━━━━━ Entries provided

(* There is a universal constant $c>0$ such that the following holds. Let $n>3$, $\sigma>0$, $U>0$, $C_n>0$ with $\min\{U,C_n\}>2\pi\sigma$. Then $$\inf_{x_{1:n}} \sup_{\theta_{1:n}\in \mathrm{TV}(C_n),\ |\theta_1|\le U} \mathbb{E}\left[\sum_{t=1}^n \big(x_t(y_{1:t-1}) - \theta_t\big)^2 \right] \geq c\big(U^2 + C_n^2 + \sigma^2\log n + n^{1/3} C_n^{2/3}\sigma^{4/3}\big),$$ where the infimum is over all forecasters, i.e. all sequences of (measurable) functions $x_t$ of $y_1,\dots,y_{t-1}$, and $y_t=\theta_t+Z_t$ with $Z_1,\dots,Z_n$ i.i.d. $\mathcal N(0,\sigma^2)$.
   Context: $\mathrm{TV}(C_n)=\{\theta_{1:n}\in\mathbb{R}^n:\sum_{i=2}^n|\theta_i-\theta_{i-1}|\le C_n\}$. Logarithms are natural. In the online forecasting problem, $x_t$ may depend only on the past noisy observations $y_1,\dots,y_{t-1}$ ($x_1$ is a constant). *)

theory Defs
  imports "HOL-Probability.Probability"
begin

text \<open>Sequences are indexed 1..n; values outside are irrelevant.\<close>

definition TV_class :: "nat \<Rightarrow> real \<Rightarrow> (nat \<Rightarrow> real) set" where
  "TV_class n C = {\<theta>. (\<Sum>i=2..n. \<bar>\<theta> i - \<theta> (i - 1)\<bar>) \<le> C}"

definition gauss_noise :: "nat \<Rightarrow> real \<Rightarrow> (nat \<Rightarrow> real) measure" where
  "gauss_noise n \<sigma> = PiM {1..n} (\<lambda>_. density lborel (normal_density 0 \<sigma>))"

definition forecaster :: "nat \<Rightarrow> (nat \<Rightarrow> (nat \<Rightarrow> real) \<Rightarrow> real) \<Rightarrow> bool" where
  "forecaster n x \<longleftrightarrow> (\<forall>t\<in>{1..n}. x t \<in> borel_measurable (PiM {1..<t} (\<lambda>_. borel)))"

definition risk :: "nat \<Rightarrow> real \<Rightarrow> (nat \<Rightarrow> (nat \<Rightarrow> real) \<Rightarrow> real) \<Rightarrow> (nat \<Rightarrow> real) \<Rightarrow> ennreal" where
  "risk n \<sigma> x \<theta> = (\<integral>\<^sup>+ z. ennreal (\<Sum>t=1..n.
      (x t (restrict (\<lambda>i. \<theta> i + z i) {1..<t}) - \<theta> t)\<^sup>2) \<partial>gauss_noise n \<sigma>)"

end

(*
  By Fubini the risk splits over t into squared errors of x_t, each an integral
  against the Gaussian likelihood of (theta_1, ..., theta_(t-1)). For two parameters theta, theta'
  the two errors at time t add up to at least (3/16) (theta_t - theta'_t)^2 A^2, where A is the
  affinity (Bhattacharyya coefficient) of the two likelihoods: Le Cam's two-point method.
  Parameters differing only at t = 1 give the U^2 term, a jump of size C at t = 2 gives C^2.
  For the rate n^(1/3) C^(2/3) sigma^(4/3) apply Assouad's method to signals +-d that are constant
  on blocks of length L: d^2 L <= sigma^2 keeps the affinity of a block flip bounded below, and
  2 d n / L <= C keeps the signal in TV(C); the best choice is L ~ (sigma n / C)^(2/3). The
  sigma^2 log n term is dominated by this rate because sigma <= C.
*)
theory Submission
  imports Defs
begin

section \<open>Translated Gaussian noise\<close>

lemma distr_density_lborel_plus:
  fixes f :: "real \<Rightarrow> ennreal"
  assumes [measurable]: "f \<in> borel_measurable borel"
  shows "distr (density lborel f) borel ((+) a) = density lborel (\<lambda>x. f (x - a))"
proof (rule measure_eqI)
  fix A :: "real set" assume "A \<in> sets (distr (density lborel f) borel ((+) a))"
  then have [measurable]: "A \<in> sets borel" by simp
  have "emeasure (distr (density lborel f) borel ((+) a)) A
      = (\<integral>\<^sup>+ y. f ((a + y) - a) * indicator A (a + y) \<partial>lborel)"
    using measurable_sets[of "(+) a" borel borel A]
    by (simp add: emeasure_distr emeasure_density) (auto intro!: nn_integral_cong split: split_indicator)
  also have "\<dots> = (\<integral>\<^sup>+ x. f (x - a) * indicator A x \<partial>distr lborel borel ((+) a))"
    by (subst nn_integral_distr) auto
  also have "\<dots> = emeasure (density lborel (\<lambda>x. f (x - a))) A"
    by (simp add: lborel_distr_plus emeasure_density)
  finally show "emeasure (distr (density lborel f) borel ((+) a)) A
      = emeasure (density lborel (\<lambda>x. f (x - a))) A" .
qed simp

lemma distr_PiM_density_lborel_shift:
  fixes f :: "real \<Rightarrow> ennreal" and \<theta> :: "'i \<Rightarrow> real"
  assumes J: "finite J" and [measurable]: "f \<in> borel_measurable borel"
    and prob: "prob_space (density lborel f)"
  shows "distr (PiM J (\<lambda>_. density lborel f)) (PiM J (\<lambda>_. borel)) (\<lambda>z. restrict (\<lambda>i. \<theta> i + z i) J)
       = PiM J (\<lambda>i. density lborel (\<lambda>x. f (x - \<theta> i)))"
proof -
  have shifted: "distr (density lborel f) borel ((+) c) = density lborel (\<lambda>x. f (x - c))" for c
    by (rule distr_density_lborel_plus) simp
  interpret Z: product_prob_space "\<lambda>_::'i. density lborel f"
    using prob by (rule product_prob_spaceI)
  interpret T: product_prob_space "\<lambda>i. density lborel (\<lambda>x. f (x - \<theta> i))"
    using prob by (intro product_prob_spaceI) (simp flip: shifted add: prob_space.prob_space_distr)
  show ?thesis
  proof (rule T.PiM_eqI[OF J])
    show "sets (distr (PiM J (\<lambda>_. density lborel f)) (PiM J (\<lambda>_. borel)) (\<lambda>z. restrict (\<lambda>i. \<theta> i + z i) J))
        = sets (PiM J (\<lambda>i. density lborel (\<lambda>x. f (x - \<theta> i))))"
      by (simp cong: sets_PiM_cong)
    fix A assume "\<And>i. i \<in> J \<Longrightarrow> A i \<in> sets (density lborel (\<lambda>x. f (x - \<theta> i)))"
    then have [measurable]: "A i \<in> sets borel" if "i \<in> J" for i
      using that by simp
    have preimage: "(\<lambda>z. restrict (\<lambda>i. \<theta> i + z i) J) -` Pi\<^sub>E J A \<inter> space (PiM J (\<lambda>_. density lborel f))
        = Pi\<^sub>E J (\<lambda>i. (+) (\<theta> i) -` A i)"
      by (auto simp: space_PiM PiE_def Pi_def extensional_def)
    have "emeasure (distr (PiM J (\<lambda>_. density lborel f)) (PiM J (\<lambda>_. borel))
           (\<lambda>z. restrict (\<lambda>i. \<theta> i + z i) J)) (Pi\<^sub>E J A)
        = emeasure (PiM J (\<lambda>_. density lborel f)) (Pi\<^sub>E J (\<lambda>i. (+) (\<theta> i) -` A i))"
      by (subst emeasure_distr) (auto intro!: measurable_restrict sets_PiM_I_finite J simp: preimage)
    also have "\<dots> = (\<Prod>i\<in>J. emeasure (density lborel f) ((+) (\<theta> i) -` A i))"
      using measurable_sets[of "(+) (\<theta> _)" borel borel] by (subst Z.emeasure_PiM[OF J]) auto
    also have "\<dots> = (\<Prod>i\<in>J. emeasure (density lborel (\<lambda>x. f (x - \<theta> i))) (A i))"
      by (intro prod.cong refl) (simp flip: shifted add: emeasure_distr)
    finally show "emeasure (distr (PiM J (\<lambda>_. density lborel f)) (PiM J (\<lambda>_. borel))
           (\<lambda>z. restrict (\<lambda>i. \<theta> i + z i) J)) (Pi\<^sub>E J A)
        = (\<Prod>i\<in>J. emeasure (density lborel (\<lambda>x. f (x - \<theta> i))) (A i))" .
  qed
qed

━━━━━━━━━━

#### Instructions for the task:
Look back at the entries above and repeat, unchanged, every line from the line holding "theory Submission" through the line holding "proof (rule measure_eqI)".

#### Reply to the exercise:
theory Submission
  imports Defs
begin

section \<open>Translated Gaussian noise\<close>

lemma distr_density_lborel_plus:
  fixes f :: "real \<Rightarrow> ennreal"
  assumes [measurable]: "f \<in> borel_measurable borel"
  shows "distr (density lborel f) borel ((+) a) = density lborel (\<lambda>x. f (x - a))"
proof (rule measure_eqI)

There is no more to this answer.